WHAT YOU SHOULD DO:
Go through the records below and show every line with the string "ballI".
***
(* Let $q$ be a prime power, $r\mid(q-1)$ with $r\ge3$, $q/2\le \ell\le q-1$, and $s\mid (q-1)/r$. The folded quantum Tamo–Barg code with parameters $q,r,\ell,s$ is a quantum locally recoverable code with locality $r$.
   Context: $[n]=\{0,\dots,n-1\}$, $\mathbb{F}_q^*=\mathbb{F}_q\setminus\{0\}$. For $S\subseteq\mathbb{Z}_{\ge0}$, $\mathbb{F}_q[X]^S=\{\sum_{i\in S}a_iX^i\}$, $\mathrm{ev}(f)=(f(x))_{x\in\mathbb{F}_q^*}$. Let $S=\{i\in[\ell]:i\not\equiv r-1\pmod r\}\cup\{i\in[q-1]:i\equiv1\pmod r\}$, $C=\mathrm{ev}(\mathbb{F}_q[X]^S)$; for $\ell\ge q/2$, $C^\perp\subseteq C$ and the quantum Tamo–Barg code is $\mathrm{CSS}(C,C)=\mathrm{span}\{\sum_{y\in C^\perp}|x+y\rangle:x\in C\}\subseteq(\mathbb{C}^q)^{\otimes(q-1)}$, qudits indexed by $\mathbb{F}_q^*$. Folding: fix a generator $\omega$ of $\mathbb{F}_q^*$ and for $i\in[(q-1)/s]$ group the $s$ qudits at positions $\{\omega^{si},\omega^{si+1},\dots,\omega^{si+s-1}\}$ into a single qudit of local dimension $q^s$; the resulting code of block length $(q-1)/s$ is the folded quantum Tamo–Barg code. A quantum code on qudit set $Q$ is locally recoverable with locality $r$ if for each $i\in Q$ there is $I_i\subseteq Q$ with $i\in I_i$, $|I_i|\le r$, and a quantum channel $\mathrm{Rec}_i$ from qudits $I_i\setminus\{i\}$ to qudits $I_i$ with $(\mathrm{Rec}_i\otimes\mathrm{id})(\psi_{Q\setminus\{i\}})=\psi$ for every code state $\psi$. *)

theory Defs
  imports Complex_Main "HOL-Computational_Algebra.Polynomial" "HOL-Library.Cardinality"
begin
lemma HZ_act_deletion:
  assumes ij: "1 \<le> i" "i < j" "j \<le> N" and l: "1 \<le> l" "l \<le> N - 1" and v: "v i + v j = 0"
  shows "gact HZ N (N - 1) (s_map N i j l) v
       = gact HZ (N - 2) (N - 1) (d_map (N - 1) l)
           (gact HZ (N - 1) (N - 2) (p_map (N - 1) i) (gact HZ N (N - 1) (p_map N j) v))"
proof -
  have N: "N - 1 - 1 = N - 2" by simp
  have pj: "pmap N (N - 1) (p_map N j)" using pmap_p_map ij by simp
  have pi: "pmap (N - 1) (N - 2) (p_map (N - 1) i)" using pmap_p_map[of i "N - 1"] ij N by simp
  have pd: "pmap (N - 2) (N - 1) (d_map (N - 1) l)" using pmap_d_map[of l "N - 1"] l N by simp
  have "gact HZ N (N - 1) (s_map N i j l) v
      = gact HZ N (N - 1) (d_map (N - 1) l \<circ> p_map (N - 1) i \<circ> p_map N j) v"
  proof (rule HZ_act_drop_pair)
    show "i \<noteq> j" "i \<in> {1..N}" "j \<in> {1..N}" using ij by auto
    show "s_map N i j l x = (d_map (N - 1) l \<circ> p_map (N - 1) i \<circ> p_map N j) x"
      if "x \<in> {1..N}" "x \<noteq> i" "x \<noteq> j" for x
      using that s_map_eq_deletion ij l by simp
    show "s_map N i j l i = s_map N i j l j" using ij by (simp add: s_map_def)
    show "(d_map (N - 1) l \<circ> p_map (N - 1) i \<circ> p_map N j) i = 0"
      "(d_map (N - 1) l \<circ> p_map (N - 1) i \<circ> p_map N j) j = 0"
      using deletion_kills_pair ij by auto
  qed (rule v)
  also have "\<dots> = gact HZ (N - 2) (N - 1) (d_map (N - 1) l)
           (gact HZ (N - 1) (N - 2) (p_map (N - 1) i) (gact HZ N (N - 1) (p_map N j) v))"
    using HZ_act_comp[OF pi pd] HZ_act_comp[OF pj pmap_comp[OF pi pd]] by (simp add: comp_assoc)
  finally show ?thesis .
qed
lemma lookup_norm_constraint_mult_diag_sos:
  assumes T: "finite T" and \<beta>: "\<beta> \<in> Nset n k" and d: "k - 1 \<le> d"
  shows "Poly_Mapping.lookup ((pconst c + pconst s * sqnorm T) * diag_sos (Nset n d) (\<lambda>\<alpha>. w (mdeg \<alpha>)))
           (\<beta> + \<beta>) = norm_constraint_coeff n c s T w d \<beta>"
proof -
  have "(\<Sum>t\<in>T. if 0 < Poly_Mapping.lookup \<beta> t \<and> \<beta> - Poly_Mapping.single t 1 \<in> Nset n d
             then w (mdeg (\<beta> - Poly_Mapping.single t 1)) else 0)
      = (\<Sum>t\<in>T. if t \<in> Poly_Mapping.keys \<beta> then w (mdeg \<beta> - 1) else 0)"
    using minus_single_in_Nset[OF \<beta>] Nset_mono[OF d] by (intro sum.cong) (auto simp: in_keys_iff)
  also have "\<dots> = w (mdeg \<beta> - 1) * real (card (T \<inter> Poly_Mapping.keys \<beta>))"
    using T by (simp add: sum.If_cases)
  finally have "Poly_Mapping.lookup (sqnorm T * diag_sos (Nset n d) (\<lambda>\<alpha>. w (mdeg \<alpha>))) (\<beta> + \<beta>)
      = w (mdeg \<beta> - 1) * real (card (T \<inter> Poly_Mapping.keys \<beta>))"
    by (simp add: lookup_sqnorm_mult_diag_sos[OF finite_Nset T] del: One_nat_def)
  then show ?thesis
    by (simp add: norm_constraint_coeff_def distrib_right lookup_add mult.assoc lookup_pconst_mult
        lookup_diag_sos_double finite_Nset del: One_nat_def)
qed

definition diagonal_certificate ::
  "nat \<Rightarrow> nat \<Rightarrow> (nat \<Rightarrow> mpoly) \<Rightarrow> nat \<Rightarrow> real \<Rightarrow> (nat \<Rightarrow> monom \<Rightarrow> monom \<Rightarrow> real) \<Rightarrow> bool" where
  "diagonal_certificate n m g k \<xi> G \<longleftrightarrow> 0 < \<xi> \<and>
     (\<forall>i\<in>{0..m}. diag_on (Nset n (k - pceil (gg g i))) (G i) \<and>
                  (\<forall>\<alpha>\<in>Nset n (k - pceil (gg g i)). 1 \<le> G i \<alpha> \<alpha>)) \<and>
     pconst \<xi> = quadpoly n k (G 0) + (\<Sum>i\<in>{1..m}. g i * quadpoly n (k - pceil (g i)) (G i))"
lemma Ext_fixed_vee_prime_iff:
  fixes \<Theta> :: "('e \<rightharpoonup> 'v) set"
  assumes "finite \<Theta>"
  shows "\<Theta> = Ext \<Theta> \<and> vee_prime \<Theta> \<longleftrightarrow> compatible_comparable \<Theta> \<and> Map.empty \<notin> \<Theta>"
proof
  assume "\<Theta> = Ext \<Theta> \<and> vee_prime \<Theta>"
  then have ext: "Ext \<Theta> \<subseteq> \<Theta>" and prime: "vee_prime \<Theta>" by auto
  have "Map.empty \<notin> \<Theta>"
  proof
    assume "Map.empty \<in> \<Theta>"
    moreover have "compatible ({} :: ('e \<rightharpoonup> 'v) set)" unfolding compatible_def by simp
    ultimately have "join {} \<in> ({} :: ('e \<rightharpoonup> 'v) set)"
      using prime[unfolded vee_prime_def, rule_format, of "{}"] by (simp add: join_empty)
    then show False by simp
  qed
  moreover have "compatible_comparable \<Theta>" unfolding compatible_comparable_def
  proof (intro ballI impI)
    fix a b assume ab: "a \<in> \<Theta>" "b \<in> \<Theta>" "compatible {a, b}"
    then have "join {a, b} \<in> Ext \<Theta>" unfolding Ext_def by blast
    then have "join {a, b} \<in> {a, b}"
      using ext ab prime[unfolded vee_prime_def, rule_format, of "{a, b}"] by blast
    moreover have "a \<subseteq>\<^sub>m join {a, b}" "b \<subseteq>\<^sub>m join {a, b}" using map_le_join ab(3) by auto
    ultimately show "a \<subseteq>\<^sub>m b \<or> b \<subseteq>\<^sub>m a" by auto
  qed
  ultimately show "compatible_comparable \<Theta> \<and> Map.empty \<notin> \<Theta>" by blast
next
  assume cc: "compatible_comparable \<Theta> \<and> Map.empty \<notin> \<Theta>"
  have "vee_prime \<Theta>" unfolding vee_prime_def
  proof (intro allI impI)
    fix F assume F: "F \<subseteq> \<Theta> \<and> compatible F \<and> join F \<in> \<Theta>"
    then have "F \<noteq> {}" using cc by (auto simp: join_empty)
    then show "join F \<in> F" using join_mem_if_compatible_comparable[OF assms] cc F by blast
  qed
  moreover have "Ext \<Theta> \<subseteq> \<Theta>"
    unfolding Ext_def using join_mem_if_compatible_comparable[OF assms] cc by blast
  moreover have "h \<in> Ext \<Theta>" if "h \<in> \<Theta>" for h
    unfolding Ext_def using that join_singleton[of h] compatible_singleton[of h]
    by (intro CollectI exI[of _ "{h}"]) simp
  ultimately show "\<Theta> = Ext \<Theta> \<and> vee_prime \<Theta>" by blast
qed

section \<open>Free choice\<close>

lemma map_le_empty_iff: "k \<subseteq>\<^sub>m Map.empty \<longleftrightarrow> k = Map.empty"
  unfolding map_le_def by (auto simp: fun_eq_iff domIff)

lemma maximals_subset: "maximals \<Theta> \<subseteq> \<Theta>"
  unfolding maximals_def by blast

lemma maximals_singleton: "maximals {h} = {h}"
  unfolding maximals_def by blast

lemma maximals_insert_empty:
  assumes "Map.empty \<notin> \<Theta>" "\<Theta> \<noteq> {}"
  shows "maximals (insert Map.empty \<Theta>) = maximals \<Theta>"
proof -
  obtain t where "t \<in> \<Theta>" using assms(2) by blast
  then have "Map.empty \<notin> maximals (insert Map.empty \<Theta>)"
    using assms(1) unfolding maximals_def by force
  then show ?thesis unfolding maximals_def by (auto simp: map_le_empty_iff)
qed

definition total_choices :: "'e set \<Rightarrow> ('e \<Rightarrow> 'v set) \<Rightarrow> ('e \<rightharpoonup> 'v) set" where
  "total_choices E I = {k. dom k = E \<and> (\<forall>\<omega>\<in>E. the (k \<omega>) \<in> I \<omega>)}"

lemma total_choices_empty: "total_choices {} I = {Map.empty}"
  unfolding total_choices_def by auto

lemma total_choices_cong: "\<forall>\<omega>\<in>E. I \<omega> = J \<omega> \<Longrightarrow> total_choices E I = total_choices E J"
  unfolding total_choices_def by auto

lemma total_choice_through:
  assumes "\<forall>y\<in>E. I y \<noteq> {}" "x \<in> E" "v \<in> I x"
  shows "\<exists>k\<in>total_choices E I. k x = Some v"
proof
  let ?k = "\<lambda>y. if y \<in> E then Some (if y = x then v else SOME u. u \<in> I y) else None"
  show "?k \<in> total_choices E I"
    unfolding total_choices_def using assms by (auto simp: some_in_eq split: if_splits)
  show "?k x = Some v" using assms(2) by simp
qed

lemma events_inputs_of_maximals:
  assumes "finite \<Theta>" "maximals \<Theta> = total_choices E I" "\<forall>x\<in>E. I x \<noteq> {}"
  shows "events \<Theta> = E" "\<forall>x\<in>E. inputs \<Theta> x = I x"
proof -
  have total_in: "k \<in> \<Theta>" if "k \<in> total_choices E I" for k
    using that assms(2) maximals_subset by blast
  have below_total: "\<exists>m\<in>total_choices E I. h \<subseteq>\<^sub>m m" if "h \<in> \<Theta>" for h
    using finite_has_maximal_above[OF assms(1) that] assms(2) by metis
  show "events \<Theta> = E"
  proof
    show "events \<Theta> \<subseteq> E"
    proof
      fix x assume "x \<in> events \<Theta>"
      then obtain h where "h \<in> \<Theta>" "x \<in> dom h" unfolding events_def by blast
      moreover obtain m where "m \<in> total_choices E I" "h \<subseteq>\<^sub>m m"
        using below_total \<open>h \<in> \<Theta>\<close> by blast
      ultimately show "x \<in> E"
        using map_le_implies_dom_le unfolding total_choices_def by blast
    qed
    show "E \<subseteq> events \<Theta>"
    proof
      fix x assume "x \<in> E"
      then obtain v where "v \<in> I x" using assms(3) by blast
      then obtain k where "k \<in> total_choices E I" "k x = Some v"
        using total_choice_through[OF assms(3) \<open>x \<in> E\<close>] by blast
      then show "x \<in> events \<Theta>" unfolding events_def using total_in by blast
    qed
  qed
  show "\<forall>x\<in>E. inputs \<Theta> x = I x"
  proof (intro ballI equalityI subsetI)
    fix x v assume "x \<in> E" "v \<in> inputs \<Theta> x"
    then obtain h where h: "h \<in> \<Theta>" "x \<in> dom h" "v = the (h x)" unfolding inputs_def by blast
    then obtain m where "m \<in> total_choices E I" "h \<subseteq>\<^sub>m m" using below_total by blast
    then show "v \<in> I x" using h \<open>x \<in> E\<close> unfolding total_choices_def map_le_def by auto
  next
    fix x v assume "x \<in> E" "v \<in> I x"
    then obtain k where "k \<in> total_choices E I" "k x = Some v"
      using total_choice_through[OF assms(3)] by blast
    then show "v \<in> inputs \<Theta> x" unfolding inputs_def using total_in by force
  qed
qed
***
TASK SOLUTION:
  proof (intro ballI impI)
  proof (intro ballI equalityI subsetI)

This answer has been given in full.